There is one problem, though. The gradient is implicitly defined in the euclidean space, where the distance metric is the traditional \(\ell_{2} \) norm. However, the \(\ell_{2} \) norm across parameters is often not a good distance metric for probability distributions.
Thus, we need to define another gradient with respect to a better distance metric for probability distributions. A natural one to use is the symmetrized KL Divergence
\[D(p, q) = KL(p \vert \vert q) + KL(q \vert \vert p) \]
So, we want to move in the direction as this new gradient, which we’ll call the natural gradient; in other words, we want
\[ \underset{d\xi}{argmax} f(\xi) \text{ such that } D(q(\xi), q(\xi + d\xi)) < \epsilon \]
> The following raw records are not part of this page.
(* Let $\{\mathcal H,\gamma,\ell,\ell^{(2)}\}$ be null metric hypersurface data, $\theta$ any one-form and $f$ any smooth function on $\mathcal H$. Let $X$ be the vector field $X^b=P^{bc}\theta_c$. Then $$n^b(\mathcal L_X\gamma)_{ab}=(\mathcal L_n\theta)_a-\mathcal L_n\big(\theta(n)\big)\ell_a-2\big(\theta(n)s_a+P^{bc}U_{ab}\theta_c\big),\qquad n^b(\mathcal L_{fn}\gamma)_{ab}=0.$$
   Context: Metric hypersurface data: $\mathcal H$ smooth $\mathfrak n$-manifold with symmetric $(0,2)$-tensor $\gamma$, one-form $\ell$, function $\ell^{(2)}$ such that $\mathcal A((W,a),(V,b))=\gamma(W,V)+a\ell(V)+b\ell(W)+ab\ell^{(2)}$ is non-degenerate on each $T_p\mathcal H\times\mathbb R$. $P$ (symmetric $(2,0)$), $n$, $n^{(2)}$ defined by $\gamma_{ab}n^b+n^{(2)}\ell_a=0$, $\ell_an^a+n^{(2)}\ell^{(2)}=1$, $P^{ab}\ell_b+\ell^{(2)}n^a=0$, $P^{ac}\gamma_{cb}+\ell_bn^a=\delta^a_b$; null means $n^{(2)}=0$. $U_{ab}=\frac12(\mathcal L_n\gamma)_{ab}$ (null case), $F=\frac12d\ell$, $s_a=n^bF_{ba}$, $\theta(n)=\theta_an^a$. *)

theory Defs
  imports "HOL-Analysis.Analysis"
begin

text \<open>The hypersurface is modelled by an open coordinate
domain H in real^'n (the dimension is CARD('n)). Tensor fields are given by their
component functions: a function is real^'n => real, a vector field or one-form is
real^'n => 'n => real, a (0,2) or (2,0) tensor is real^'n => 'n => 'n => real.\<close>

definition pd :: "'n::finite \<Rightarrow> (real^'n \<Rightarrow> real) \<Rightarrow> real^'n \<Rightarrow> real" where
  "pd i f x = frechet_derivative f (at x) (axis i 1)"

fun Ck :: "nat \<Rightarrow> (real^'n::finite) set \<Rightarrow> (real^'n \<Rightarrow> real) \<Rightarrow> bool" where
  "Ck 0 S f = continuous_on S f"
| "Ck (Suc k) S f = ((\<forall>x\<in>S. f differentiable (at x)) \<and> (\<forall>i. Ck k S (pd i f)))"

definition smooth_fun :: "(real^'n::finite) set \<Rightarrow> (real^'n \<Rightarrow> real) \<Rightarrow> bool" where
  "smooth_fun S f \<longleftrightarrow> (\<forall>k. Ck k S f)"

definition smooth_field1 :: "(real^'n::finite) set \<Rightarrow> (real^'n \<Rightarrow> 'n \<Rightarrow> real) \<Rightarrow> bool" where
  "smooth_field1 S V \<longleftrightarrow> (\<forall>a. smooth_fun S (\<lambda>x. V x a))"

definition smooth_field2 :: "(real^'n::finite) set \<Rightarrow> (real^'n \<Rightarrow> 'n \<Rightarrow> 'n \<Rightarrow> real) \<Rightarrow> bool" where
  "smooth_field2 S T \<longleftrightarrow> (\<forall>a b. smooth_fun S (\<lambda>x. T x a b))"

definition lie_fun :: "(real^'n::finite \<Rightarrow> 'n \<Rightarrow> real) \<Rightarrow> (real^'n \<Rightarrow> real) \<Rightarrow> real^'n \<Rightarrow> real" where
  "lie_fun V f x = (\<Sum>c\<in>UNIV. V x c * pd c f x)"

definition lie_form :: "(real^'n::finite \<Rightarrow> 'n \<Rightarrow> real) \<Rightarrow> (real^'n \<Rightarrow> 'n \<Rightarrow> real) \<Rightarrow> real^'n \<Rightarrow> 'n \<Rightarrow> real" where
  "lie_form V \<theta> x a = (\<Sum>c\<in>UNIV. V x c * pd c (\<lambda>y. \<theta> y a) x + \<theta> x c * pd a (\<lambda>y. V y c) x)"

definition lie_tensor :: "(real^'n::finite \<Rightarrow> 'n \<Rightarrow> real) \<Rightarrow> (real^'n \<Rightarrow> 'n \<Rightarrow> 'n \<Rightarrow> real)
    \<Rightarrow> real^'n \<Rightarrow> 'n \<Rightarrow> 'n \<Rightarrow> real" where
  "lie_tensor V T x a b = (\<Sum>c\<in>UNIV. V x c * pd c (\<lambda>y. T y a b) x
       + T x c b * pd a (\<lambda>y. V y c) x + T x a c * pd b (\<lambda>y. V y c) x)"

text \<open>Metric hypersurface data: gamma symmetric, A non-degenerate at each point.\<close>

definition metric_hypersurface_data ::
  "(real^'n::finite) set \<Rightarrow> (real^'n \<Rightarrow> 'n \<Rightarrow> 'n \<Rightarrow> real) \<Rightarrow> (real^'n \<Rightarrow> 'n \<Rightarrow> real) \<Rightarrow> (real^'n \<Rightarrow> real) \<Rightarrow> bool" where
  "metric_hypersurface_data H \<gamma> ell ell2 \<longleftrightarrow>
     open H \<and> smooth_field2 H \<gamma> \<and> smooth_field1 H ell \<and> smooth_fun H ell2 \<and>
     (\<forall>x\<in>H. \<forall>a b. \<gamma> x a b = \<gamma> x b a) \<and>
     (\<forall>x\<in>H. \<forall>(W::'n \<Rightarrow> real) (s::real).
        (\<forall>(V::'n \<Rightarrow> real) (t::real).
           (\<Sum>a\<in>UNIV. \<Sum>b\<in>UNIV. \<gamma> x a b * W a * V b) + s * (\<Sum>a\<in>UNIV. ell x a * V a)
           + t * (\<Sum>a\<in>UNIV. ell x a * W a) + s * t * ell2 x = 0)
        \<longrightarrow> (W = (\<lambda>_. 0) \<and> s = 0))"

text \<open>The fields P, n, n2 determined by the data (uniquely, by non-degeneracy).\<close>

definition hypersurface_inverse ::
  "(real^'n::finite) set \<Rightarrow> (real^'n \<Rightarrow> 'n \<Rightarrow> 'n \<Rightarrow> real) \<Rightarrow> (real^'n \<Rightarrow> 'n \<Rightarrow> real) \<Rightarrow> (real^'n \<Rightarrow> real)
   \<Rightarrow> (real^'n \<Rightarrow> 'n \<Rightarrow> 'n \<Rightarrow> real) \<Rightarrow> (real^'n \<Rightarrow> 'n \<Rightarrow> real) \<Rightarrow> (real^'n \<Rightarrow> real) \<Rightarrow> bool" where
  "hypersurface_inverse H \<gamma> ell ell2 P n n2 \<longleftrightarrow>
     (\<forall>x\<in>H.
       (\<forall>a b. P x a b = P x b a) \<and>
       (\<forall>a. (\<Sum>b\<in>UNIV. \<gamma> x a b * n x b) + n2 x * ell x a = 0) \<and>
       (\<Sum>a\<in>UNIV. ell x a * n x a) + n2 x * ell2 x = 1 \<and>
       (\<forall>a. (\<Sum>b\<in>UNIV. P x a b * ell x b) + ell2 x * n x a = 0) \<and>
       (\<forall>a b. (\<Sum>c\<in>UNIV. P x a c * \<gamma> x c b) + ell x b * n x a = (if a = b then 1 else 0)))"

definition U_tensor where
  "U_tensor n \<gamma> x a b = (1/2) * lie_tensor n \<gamma> x a b"

definition F_tensor :: "(real^'n::finite \<Rightarrow> 'n \<Rightarrow> real) \<Rightarrow> real^'n \<Rightarrow> 'n \<Rightarrow> 'n \<Rightarrow> real" where
  "F_tensor ell x a b = (1/2) * (pd a (\<lambda>y. ell y b) x - pd b (\<lambda>y. ell y a) x)"

definition s_form :: "(real^'n::finite \<Rightarrow> 'n \<Rightarrow> real) \<Rightarrow> (real^'n \<Rightarrow> 'n \<Rightarrow> real) \<Rightarrow> real^'n \<Rightarrow> 'n \<Rightarrow> real" where
  "s_form n ell x a = (\<Sum>b\<in>UNIV. n x b * F_tensor ell x b a)"

end

theory Submission
  imports Defs
begin

(* Because gamma(-, n) = 0, the Leibniz rule for the Lie derivative of the contraction gamma(-, n)
   along X gives n^b (L_X gamma)_ab = gamma_ab [n, X]^b.  For X = f n the bracket [n, f n] = n(f) n
   is again annihilated by gamma.  For X^b = P^bc theta_c apply the Leibniz rule once more, now along n:
   gamma_ab [n, X]^b = L_n(gamma(X))_a - (L_n gamma)_ab X^b, where the relations defining P give
   gamma(X) = theta - theta(n) ell, and Cartan's formula with ell(n) = 1 gives L_n ell = 2 s. *)

definition lie_vec :: "(real^'n::finite \<Rightarrow> 'n \<Rightarrow> real) \<Rightarrow> (real^'n \<Rightarrow> 'n \<Rightarrow> real) \<Rightarrow> real^'n \<Rightarrow> 'n \<Rightarrow> real" where
  "lie_vec V W x a = (\<Sum>c\<in>UNIV. V x c * pd c (\<lambda>y. W y a) x - W x c * pd c (\<lambda>y. V y a) x)"

lemma pd_eqI: "(f has_derivative f') (at x) \<Longrightarrow> pd i f x = f' (axis i 1)"
  unfolding pd_def by (drule frechet_derivative_at) simp

lemma pd_mult:
  assumes "f differentiable (at x)" "g differentiable (at x)"
  shows "pd i (\<lambda>y. f y * g y) x = f x * pd i g x + pd i f x * g x"
  using pd_eqI[OF has_derivative_mult[OF assms[unfolded frechet_derivative_works]]]
  by (simp add: pd_def)

lemma pd_diff:
  assumes "f differentiable (at x)" "g differentiable (at x)"
  shows "pd i (\<lambda>y. f y - g y) x = pd i f x - pd i g x"
  using pd_eqI[OF has_derivative_diff[OF assms[unfolded frechet_derivative_works]]]
  by (simp add: pd_def)

lemma pd_sum:
  assumes "\<And>k. f k differentiable (at x)"
  shows "pd i (\<lambda>y. \<Sum>k\<in>(UNIV::'a::finite set). f k y) x = (\<Sum>k\<in>UNIV. pd i (f k) x)"
  using pd_eqI[OF has_derivative_sum[of UNIV, OF assms[unfolded frechet_derivative_works]]]
  by (simp add: pd_def)

lemma pd_cong_open:
  assumes "open S" "x \<in> S" "\<And>y. y \<in> S \<Longrightarrow> f y = g y" "g differentiable (at x)"
  shows "pd i f x = pd i g x"
proof -
  have "(g has_derivative frechet_derivative g (at x)) (at x)"
    using assms(4) frechet_derivative_works by blast
  then have "(f has_derivative frechet_derivative g (at x)) (at x)"
    by (rule has_derivative_transform_within_open[OF _ assms(1,2)]) (simp add: assms(3))
  from pd_eqI[OF this] show ?thesis by (simp add: pd_def)
qed

lemma pd_const_open:
  assumes "open S" "x \<in> S" "\<And>y. y \<in> S \<Longrightarrow> f y = k"
  shows "pd i f x = 0"
proof -
  have "(f has_derivative (\<lambda>h. 0)) (at x)"
    by (rule has_derivative_transform_within_open[OF _ assms(1,2)]) (simp_all add: assms(3))
  then show ?thesis by (rule pd_eqI)
qed

lemma lie_form_contraction:
  assumes "\<And>a b. (\<lambda>y. T y a b) differentiable (at x)" "\<And>a. (\<lambda>y. W y a) differentiable (at x)"
  shows "lie_form V (\<lambda>y a. \<Sum>b\<in>UNIV. T y a b * W y b) x a
       = (\<Sum>b\<in>UNIV. lie_tensor V T x a b * W x b) + (\<Sum>b\<in>UNIV. T x a b * lie_vec V W x b)"
proof -
  have "lie_form V (\<lambda>y a. \<Sum>b\<in>UNIV. T y a b * W y b) x a
      = (\<Sum>c\<in>UNIV. \<Sum>b\<in>UNIV. V x c * pd c (\<lambda>y. T y a b) x * W x b
           + V x c * T x a b * pd c (\<lambda>y. W y b) x + T x c b * W x b * pd a (\<lambda>y. V y c) x)"
    unfolding lie_form_def
    by (simp add: assms pd_sum pd_mult sum.distrib sum_distrib_left sum_distrib_right algebra_simps)
  also have "\<dots> = (\<Sum>b\<in>UNIV. \<Sum>c\<in>UNIV. V x c * pd c (\<lambda>y. T y a b) x * W x b
           + V x c * T x a b * pd c (\<lambda>y. W y b) x + T x c b * W x b * pd a (\<lambda>y. V y c) x)"
    by (rule sum.swap)
  also have "\<dots> = (\<Sum>b\<in>UNIV. lie_tensor V T x a b * W x b) + (\<Sum>b\<in>UNIV. T x a b * lie_vec V W x b)"
  proof -
    have "(\<Sum>b\<in>UNIV. \<Sum>c\<in>UNIV. T x a c * pd b (\<lambda>y. V y c) x * W x b)
        = (\<Sum>b\<in>UNIV. \<Sum>c\<in>UNIV. T x a b * W x c * pd c (\<lambda>y. V y b) x)"
      by (subst sum.swap) (simp add: mult_ac)
    then show ?thesis
      unfolding lie_tensor_def lie_vec_def
      by (simp add: sum.distrib sum_subtractf sum_distrib_left sum_distrib_right algebra_simps)
  qed
  finally show ?thesis .
qed

lemma lie_vec_antisym: "lie_vec W V x a = - lie_vec V W x a"
  unfolding lie_vec_def by (simp add: sum_subtractf)

lemma lie_vec_scaled_self:
  assumes "f differentiable (at x)" "\<And>a. (\<lambda>y. V y a) differentiable (at x)"
  shows "lie_vec V (\<lambda>y a. f y * V y a) x a = lie_fun V f x * V x a"
  unfolding lie_vec_def lie_fun_def
  by (simp add: assms pd_mult sum_distrib_left sum_distrib_right algebra_simps)

lemma lie_form_scaled:
  assumes "f differentiable (at x)" "\<And>a. (\<lambda>y. \<omega> y a) differentiable (at x)"
  shows "lie_form V (\<lambda>y a. f y * \<omega> y a) x a = lie_fun V f x * \<omega> x a + f x * lie_form V \<omega> x a"
  unfolding lie_form_def lie_fun_def
  by (simp add: assms pd_mult sum.distrib sum_distrib_left sum_distrib_right algebra_simps)

lemma lie_form_diff:
  assumes "\<And>a. (\<lambda>y. \<omega> y a) differentiable (at x)" "\<And>a. (\<lambda>y. \<eta> y a) differentiable (at x)"
  shows "lie_form V (\<lambda>y a. \<omega> y a - \<eta> y a) x a = lie_form V \<omega> x a - lie_form V \<eta> x a"
  unfolding lie_form_def
  by (simp add: assms pd_diff sum.distrib sum_subtractf algebra_simps)

lemma lie_form_cong_open:
  assumes "open S" "x \<in> S" "\<And>y a. y \<in> S \<Longrightarrow> \<omega> y a = \<eta> y a"
    and "\<And>a. (\<lambda>y. \<eta> y a) differentiable (at x)"
  shows "lie_form V \<omega> x a = lie_form V \<eta> x a"
proof -
  have "pd c (\<lambda>y. \<omega> y b) x = pd c (\<lambda>y. \<eta> y b) x" for b c
    using assms by (intro pd_cong_open[OF assms(1,2)]) auto
  then show ?thesis
    unfolding lie_form_def using assms(2,3) by simp
qed

lemma lie_form_Cartan:
  assumes "\<And>a. (\<lambda>y. \<omega> y a) differentiable (at x)" "\<And>a. (\<lambda>y. V y a) differentiable (at x)"
  shows "lie_form V \<omega> x a = 2 * s_form V \<omega> x a + pd a (\<lambda>y. \<Sum>c\<in>UNIV. \<omega> y c * V y c) x"
  unfolding lie_form_def s_form_def F_tensor_def
  by (simp add: assms pd_sum pd_mult sum.distrib sum_subtractf sum_distrib_left algebra_simps)

lemma lie_tensor_contraction_vanishing:
  assumes "open S" "x \<in> S" "\<And>y a. y \<in> S \<Longrightarrow> (\<Sum>b\<in>UNIV. T y a b * W y b) = 0"
    and "\<And>a b. (\<lambda>y. T y a b) differentiable (at x)" "\<And>a. (\<lambda>y. W y a) differentiable (at x)"
  shows "(\<Sum>b\<in>UNIV. W x b * lie_tensor V T x a b) = (\<Sum>b\<in>UNIV. T x a b * lie_vec W V x b)"
proof -
  have "lie_form V (\<lambda>y a. \<Sum>b\<in>UNIV. T y a b * W y b) x a = 0"
    unfolding lie_form_def using pd_const_open[OF assms(1,2,3)] assms(2,3) by simp
  then show ?thesis
    unfolding lie_form_contraction[OF assms(4,5)] lie_vec_antisym[of W]
    by (simp add: sum_negf mult.commute add_eq_0_iff)
qed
For some sufficiently small epsilon. It can be shown that \( d\xi^{T}G(\xi)d\xi \approx D(q(\xi), q(\xi + d\xi)) \) for small \(d\xi \), where \(G(\xi) \) is the fisher information matrix of \(q(\xi) \): \(G(\xi) = \mathbb{E}[(\nabla_{xi} \log\, q(\xi))^{T}(\nabla_{xi}\log\, q(\xi))] \). It’s not hard, but involves taking a couple of taylor expansions and gets pretty tedious. In addition, after skipping even more algebra, it can be shown that the natural gradient \(\hat{\nabla_{\xi}} \) can be calculated by \(\hat{\nabla_{\xi}}f(\xi) = G^{-1}(\xi)\nabla_{\xi}f(\xi) \). So, as it turns out, the natural gradient has a pretty nice form, and results in a metric that is better suited to representing changes in probability distributions.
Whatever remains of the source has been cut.